*** Given records

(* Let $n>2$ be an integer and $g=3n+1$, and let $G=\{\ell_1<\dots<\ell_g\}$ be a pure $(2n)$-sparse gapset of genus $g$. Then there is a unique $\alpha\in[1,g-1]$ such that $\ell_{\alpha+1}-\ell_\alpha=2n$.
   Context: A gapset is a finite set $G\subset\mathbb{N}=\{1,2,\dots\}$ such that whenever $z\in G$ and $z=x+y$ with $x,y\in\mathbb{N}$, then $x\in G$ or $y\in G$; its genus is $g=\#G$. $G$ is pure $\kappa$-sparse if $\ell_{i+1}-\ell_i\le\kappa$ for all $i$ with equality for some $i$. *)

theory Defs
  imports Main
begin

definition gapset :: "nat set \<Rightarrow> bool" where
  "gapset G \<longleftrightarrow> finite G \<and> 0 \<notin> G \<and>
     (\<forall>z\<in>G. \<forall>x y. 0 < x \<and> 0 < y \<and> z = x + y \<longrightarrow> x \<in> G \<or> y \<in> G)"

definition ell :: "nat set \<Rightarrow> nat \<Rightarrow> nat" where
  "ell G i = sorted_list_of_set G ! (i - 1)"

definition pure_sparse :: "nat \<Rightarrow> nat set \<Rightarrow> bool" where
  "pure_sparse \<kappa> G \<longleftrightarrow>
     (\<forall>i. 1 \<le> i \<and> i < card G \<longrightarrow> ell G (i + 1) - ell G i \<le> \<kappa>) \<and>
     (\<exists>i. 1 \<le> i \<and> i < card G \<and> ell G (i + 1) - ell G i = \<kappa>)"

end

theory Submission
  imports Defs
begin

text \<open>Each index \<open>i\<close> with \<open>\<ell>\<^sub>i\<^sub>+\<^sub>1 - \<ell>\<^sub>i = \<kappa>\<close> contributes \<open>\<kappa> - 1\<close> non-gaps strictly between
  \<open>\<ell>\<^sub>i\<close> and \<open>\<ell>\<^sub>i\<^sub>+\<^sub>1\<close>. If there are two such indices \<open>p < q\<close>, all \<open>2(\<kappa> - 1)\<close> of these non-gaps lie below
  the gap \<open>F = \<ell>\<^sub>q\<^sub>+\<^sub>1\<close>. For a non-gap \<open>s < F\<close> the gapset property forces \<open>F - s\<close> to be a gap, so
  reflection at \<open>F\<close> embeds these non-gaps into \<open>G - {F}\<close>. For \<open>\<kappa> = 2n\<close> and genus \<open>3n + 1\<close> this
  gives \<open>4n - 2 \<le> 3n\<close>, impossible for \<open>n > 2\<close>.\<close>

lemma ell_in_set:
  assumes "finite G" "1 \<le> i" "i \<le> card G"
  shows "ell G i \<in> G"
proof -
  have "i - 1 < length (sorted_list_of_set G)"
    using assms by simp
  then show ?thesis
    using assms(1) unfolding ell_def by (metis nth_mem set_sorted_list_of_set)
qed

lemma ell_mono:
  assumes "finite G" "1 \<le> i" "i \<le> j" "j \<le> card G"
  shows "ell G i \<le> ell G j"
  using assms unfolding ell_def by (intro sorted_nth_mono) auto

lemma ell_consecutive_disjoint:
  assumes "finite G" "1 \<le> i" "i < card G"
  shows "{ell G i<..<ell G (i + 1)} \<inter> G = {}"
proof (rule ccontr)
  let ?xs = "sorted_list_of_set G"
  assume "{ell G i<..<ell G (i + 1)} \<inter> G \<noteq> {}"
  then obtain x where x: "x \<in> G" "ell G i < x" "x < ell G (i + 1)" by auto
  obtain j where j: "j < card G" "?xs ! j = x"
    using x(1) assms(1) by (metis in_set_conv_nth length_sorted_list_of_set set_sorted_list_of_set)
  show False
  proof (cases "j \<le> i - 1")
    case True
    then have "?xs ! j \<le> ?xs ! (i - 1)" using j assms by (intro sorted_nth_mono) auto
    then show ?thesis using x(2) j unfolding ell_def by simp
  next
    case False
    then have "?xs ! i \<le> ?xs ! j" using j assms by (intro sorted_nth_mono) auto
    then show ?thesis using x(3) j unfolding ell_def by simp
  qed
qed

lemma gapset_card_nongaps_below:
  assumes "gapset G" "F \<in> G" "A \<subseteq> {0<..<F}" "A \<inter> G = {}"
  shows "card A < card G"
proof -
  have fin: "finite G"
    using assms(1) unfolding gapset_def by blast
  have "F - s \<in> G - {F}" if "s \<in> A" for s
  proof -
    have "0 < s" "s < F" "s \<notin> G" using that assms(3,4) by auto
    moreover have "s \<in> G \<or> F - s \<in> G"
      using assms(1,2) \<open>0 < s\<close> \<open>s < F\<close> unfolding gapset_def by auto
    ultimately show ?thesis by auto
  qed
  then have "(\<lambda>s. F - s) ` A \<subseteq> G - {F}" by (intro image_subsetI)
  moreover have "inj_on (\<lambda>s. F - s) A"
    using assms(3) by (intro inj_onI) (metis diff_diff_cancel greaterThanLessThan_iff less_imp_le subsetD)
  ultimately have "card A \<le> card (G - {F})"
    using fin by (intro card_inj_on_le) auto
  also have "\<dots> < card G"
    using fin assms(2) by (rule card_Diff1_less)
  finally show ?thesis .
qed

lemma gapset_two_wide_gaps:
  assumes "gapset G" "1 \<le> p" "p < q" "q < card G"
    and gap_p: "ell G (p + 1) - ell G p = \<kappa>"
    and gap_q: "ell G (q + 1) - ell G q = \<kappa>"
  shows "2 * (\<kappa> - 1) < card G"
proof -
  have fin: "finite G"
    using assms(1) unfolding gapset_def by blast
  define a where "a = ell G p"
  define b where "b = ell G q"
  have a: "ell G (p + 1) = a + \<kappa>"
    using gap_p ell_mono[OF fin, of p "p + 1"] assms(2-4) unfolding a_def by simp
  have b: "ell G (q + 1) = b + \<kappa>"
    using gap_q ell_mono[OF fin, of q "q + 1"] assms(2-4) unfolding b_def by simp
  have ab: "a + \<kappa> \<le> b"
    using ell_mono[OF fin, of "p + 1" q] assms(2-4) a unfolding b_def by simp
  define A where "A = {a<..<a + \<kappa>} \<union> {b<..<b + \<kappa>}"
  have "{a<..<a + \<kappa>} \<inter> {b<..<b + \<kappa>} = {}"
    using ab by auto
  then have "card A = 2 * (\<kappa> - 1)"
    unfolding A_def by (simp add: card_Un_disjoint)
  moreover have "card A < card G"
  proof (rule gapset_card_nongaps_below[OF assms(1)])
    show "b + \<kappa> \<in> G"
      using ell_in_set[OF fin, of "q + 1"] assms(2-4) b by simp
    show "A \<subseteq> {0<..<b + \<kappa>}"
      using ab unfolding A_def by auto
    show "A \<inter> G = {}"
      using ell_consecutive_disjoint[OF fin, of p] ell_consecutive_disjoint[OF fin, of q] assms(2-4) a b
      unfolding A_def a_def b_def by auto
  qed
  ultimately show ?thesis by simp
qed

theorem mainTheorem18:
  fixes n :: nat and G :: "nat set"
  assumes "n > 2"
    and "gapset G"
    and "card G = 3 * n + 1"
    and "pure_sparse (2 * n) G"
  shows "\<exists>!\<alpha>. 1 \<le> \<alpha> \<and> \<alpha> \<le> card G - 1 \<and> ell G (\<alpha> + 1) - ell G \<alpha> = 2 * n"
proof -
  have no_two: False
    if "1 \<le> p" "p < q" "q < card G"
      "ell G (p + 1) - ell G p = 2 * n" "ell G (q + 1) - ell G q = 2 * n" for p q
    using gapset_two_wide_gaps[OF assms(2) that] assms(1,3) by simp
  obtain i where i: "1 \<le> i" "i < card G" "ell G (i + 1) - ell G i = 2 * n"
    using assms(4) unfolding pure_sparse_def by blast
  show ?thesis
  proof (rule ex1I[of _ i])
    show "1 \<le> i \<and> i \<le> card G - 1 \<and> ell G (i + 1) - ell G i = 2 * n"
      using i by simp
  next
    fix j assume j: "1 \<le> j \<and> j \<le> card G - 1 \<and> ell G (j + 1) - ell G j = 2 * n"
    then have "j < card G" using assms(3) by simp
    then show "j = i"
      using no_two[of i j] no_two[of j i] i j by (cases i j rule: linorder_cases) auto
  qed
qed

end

******

- [Instructions to follow]: Within the records above, determine the number of lines that hold the word "metis" and return only that value.

- [Solution]: 3